Work out how many lines below contain the word "close", then give that number alone.

Saved data entries:
-*-

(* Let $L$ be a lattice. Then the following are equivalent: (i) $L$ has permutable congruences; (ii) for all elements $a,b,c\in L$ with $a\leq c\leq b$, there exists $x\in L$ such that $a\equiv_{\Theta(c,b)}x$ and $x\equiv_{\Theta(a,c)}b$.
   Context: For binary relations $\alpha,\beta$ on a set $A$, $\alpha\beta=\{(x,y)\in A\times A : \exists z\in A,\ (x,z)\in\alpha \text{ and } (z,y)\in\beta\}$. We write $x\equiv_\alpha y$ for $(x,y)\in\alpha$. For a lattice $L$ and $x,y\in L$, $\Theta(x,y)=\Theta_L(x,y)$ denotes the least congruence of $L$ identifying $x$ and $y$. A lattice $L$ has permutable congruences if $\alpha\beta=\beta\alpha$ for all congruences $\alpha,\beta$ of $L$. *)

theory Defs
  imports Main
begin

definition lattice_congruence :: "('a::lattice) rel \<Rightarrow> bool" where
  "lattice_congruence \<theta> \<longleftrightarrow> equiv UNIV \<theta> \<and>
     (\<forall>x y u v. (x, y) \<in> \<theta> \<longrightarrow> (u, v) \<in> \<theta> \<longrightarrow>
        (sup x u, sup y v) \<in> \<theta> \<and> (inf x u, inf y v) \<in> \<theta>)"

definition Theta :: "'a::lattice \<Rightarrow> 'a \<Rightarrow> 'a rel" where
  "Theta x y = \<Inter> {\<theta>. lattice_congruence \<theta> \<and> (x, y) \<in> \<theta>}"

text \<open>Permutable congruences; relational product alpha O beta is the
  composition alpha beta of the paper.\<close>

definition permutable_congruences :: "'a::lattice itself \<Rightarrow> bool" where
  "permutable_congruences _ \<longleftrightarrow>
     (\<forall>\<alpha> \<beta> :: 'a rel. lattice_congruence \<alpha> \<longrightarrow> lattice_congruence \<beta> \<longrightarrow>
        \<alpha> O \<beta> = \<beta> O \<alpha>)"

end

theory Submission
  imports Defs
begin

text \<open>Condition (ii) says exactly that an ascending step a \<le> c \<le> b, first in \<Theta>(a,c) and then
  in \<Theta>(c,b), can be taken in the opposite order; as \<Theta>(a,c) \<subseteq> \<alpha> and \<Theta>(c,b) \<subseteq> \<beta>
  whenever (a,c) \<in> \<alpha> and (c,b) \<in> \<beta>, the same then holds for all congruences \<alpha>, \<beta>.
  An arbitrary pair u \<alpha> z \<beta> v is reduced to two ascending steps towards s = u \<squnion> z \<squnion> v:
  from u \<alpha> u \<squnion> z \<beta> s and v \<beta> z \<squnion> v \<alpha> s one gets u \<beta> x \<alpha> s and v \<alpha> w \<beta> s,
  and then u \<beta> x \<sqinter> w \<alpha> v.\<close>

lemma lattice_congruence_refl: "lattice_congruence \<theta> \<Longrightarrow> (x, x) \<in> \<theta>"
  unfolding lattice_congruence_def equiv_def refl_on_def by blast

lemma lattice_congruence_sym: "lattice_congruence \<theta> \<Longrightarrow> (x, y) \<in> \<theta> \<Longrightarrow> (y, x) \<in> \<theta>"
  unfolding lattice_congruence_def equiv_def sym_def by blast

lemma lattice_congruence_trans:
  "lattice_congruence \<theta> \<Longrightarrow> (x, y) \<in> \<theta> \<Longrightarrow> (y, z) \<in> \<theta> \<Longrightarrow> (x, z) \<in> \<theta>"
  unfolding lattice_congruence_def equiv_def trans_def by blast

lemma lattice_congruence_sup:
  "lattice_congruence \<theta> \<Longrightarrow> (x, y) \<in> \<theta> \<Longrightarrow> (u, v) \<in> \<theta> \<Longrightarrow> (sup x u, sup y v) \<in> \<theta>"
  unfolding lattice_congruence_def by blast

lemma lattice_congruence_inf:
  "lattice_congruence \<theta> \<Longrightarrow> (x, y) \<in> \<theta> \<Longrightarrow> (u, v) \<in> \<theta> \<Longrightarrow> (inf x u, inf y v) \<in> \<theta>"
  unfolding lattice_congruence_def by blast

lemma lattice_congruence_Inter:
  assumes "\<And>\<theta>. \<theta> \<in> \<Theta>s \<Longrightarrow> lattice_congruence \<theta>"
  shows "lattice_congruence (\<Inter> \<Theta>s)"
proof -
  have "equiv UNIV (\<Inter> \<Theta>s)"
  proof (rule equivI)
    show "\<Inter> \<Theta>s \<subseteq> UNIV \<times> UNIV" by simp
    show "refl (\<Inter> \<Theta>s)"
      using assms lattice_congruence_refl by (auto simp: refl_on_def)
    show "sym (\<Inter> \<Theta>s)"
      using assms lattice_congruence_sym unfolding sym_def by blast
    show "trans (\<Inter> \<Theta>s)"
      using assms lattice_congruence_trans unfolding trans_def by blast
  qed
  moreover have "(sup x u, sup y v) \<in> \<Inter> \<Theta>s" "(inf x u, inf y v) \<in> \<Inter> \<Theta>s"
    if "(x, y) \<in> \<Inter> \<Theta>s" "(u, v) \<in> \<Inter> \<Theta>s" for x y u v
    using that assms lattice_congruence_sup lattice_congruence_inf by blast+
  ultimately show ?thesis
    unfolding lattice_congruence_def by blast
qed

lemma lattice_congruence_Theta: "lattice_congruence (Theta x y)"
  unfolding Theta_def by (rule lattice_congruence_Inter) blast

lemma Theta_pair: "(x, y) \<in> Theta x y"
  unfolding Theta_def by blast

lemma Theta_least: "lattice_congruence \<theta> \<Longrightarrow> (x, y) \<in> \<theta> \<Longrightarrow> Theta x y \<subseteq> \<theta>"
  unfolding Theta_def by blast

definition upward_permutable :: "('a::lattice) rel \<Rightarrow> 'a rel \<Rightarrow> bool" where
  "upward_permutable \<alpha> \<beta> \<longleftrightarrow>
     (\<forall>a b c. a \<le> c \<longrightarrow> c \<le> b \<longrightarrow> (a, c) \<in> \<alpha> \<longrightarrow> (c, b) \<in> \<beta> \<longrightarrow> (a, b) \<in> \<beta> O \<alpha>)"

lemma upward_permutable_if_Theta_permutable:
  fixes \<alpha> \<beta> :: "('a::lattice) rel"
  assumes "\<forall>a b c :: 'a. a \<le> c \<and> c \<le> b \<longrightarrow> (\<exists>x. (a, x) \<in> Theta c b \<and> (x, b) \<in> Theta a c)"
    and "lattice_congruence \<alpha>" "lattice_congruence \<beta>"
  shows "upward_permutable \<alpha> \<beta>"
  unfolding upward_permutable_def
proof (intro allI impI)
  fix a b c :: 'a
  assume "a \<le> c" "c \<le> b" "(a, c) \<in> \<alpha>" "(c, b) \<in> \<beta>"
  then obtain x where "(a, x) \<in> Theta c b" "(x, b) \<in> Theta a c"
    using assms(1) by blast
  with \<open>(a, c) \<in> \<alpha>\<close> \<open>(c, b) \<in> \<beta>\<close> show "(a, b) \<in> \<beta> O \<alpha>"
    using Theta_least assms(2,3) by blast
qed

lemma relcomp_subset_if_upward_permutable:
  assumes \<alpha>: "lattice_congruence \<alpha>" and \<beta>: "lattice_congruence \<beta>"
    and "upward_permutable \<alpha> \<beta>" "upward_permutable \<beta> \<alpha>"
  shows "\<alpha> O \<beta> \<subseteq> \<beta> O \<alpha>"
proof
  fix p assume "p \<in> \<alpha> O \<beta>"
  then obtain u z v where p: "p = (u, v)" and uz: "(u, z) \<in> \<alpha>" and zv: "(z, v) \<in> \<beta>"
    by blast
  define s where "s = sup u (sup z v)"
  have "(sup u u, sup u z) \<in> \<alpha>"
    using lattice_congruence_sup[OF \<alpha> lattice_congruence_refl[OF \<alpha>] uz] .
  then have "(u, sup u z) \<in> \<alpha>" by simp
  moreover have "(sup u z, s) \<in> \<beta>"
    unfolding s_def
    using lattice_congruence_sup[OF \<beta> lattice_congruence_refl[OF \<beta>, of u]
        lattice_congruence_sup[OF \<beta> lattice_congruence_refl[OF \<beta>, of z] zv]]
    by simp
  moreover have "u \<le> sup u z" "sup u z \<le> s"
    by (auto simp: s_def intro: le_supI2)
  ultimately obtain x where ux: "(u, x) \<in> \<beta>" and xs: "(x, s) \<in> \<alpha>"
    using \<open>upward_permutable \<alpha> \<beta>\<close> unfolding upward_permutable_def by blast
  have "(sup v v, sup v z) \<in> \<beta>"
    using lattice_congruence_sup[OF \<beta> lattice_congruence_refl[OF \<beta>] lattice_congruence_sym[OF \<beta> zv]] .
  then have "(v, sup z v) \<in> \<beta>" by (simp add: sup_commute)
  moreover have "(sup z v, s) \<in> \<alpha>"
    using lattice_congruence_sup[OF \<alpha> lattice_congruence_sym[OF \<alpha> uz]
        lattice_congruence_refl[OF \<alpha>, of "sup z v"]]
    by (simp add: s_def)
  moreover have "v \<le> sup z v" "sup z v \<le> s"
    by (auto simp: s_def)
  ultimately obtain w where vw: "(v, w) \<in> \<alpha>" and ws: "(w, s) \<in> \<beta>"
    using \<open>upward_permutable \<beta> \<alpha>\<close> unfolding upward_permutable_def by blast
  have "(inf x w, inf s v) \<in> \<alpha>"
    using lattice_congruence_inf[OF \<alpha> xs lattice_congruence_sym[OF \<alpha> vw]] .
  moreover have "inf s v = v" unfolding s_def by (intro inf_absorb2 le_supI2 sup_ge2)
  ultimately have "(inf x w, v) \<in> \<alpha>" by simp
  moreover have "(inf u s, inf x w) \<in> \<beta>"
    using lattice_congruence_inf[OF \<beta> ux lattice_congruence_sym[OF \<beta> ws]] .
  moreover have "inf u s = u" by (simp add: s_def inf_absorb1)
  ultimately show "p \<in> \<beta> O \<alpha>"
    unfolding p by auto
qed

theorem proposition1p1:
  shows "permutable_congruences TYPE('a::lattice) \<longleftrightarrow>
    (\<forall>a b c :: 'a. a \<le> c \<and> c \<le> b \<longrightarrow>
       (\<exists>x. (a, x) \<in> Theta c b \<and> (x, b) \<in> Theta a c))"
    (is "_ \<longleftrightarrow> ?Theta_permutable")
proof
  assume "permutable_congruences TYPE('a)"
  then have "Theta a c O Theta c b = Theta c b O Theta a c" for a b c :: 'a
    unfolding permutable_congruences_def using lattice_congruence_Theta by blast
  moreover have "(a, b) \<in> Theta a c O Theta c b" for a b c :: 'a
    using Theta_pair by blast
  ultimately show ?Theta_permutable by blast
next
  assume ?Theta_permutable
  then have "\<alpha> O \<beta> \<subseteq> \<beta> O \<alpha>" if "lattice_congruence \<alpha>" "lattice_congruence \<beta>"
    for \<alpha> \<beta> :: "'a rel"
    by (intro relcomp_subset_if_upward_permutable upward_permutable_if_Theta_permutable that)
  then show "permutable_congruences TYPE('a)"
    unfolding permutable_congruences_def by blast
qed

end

-*-

PROBLEM SOLUTION: 5